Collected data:
● ● ● ● ● ● ●

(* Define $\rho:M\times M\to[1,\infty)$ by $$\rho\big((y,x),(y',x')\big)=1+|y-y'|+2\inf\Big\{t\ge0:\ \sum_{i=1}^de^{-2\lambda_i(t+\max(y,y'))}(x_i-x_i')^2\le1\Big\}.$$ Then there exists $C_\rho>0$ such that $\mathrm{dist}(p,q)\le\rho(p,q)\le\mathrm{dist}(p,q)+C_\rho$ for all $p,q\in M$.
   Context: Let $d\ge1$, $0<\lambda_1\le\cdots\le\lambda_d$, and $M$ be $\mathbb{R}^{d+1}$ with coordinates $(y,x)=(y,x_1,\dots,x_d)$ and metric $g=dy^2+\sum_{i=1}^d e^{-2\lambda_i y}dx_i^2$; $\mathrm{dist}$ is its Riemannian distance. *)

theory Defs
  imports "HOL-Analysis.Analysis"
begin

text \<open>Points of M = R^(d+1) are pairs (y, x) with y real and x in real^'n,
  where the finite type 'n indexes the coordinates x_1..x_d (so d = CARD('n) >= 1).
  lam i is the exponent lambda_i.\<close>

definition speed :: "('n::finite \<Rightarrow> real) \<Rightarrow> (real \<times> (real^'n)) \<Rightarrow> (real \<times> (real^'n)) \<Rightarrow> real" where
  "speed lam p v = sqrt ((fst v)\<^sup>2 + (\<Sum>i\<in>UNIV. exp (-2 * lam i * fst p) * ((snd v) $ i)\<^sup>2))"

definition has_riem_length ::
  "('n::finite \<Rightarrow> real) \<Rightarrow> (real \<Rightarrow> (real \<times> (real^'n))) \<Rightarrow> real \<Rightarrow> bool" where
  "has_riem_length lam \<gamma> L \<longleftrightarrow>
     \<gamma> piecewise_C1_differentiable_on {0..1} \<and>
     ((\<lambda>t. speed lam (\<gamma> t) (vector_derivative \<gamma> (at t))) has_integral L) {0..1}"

● ● ● ● ● ● ●

The answer must be an exact copy of the lines from the one containing "(real \<Rightarrow> (real" through the last line of the records, both included.

  "('n::finite \<Rightarrow> real) \<Rightarrow> (real \<Rightarrow> (real \<times> (real^'n))) \<Rightarrow> real \<Rightarrow> bool" where
  "has_riem_length lam \<gamma> L \<longleftrightarrow>
     \<gamma> piecewise_C1_differentiable_on {0..1} \<and>
     ((\<lambda>t. speed lam (\<gamma> t) (vector_derivative \<gamma> (at t))) has_integral L) {0..1}"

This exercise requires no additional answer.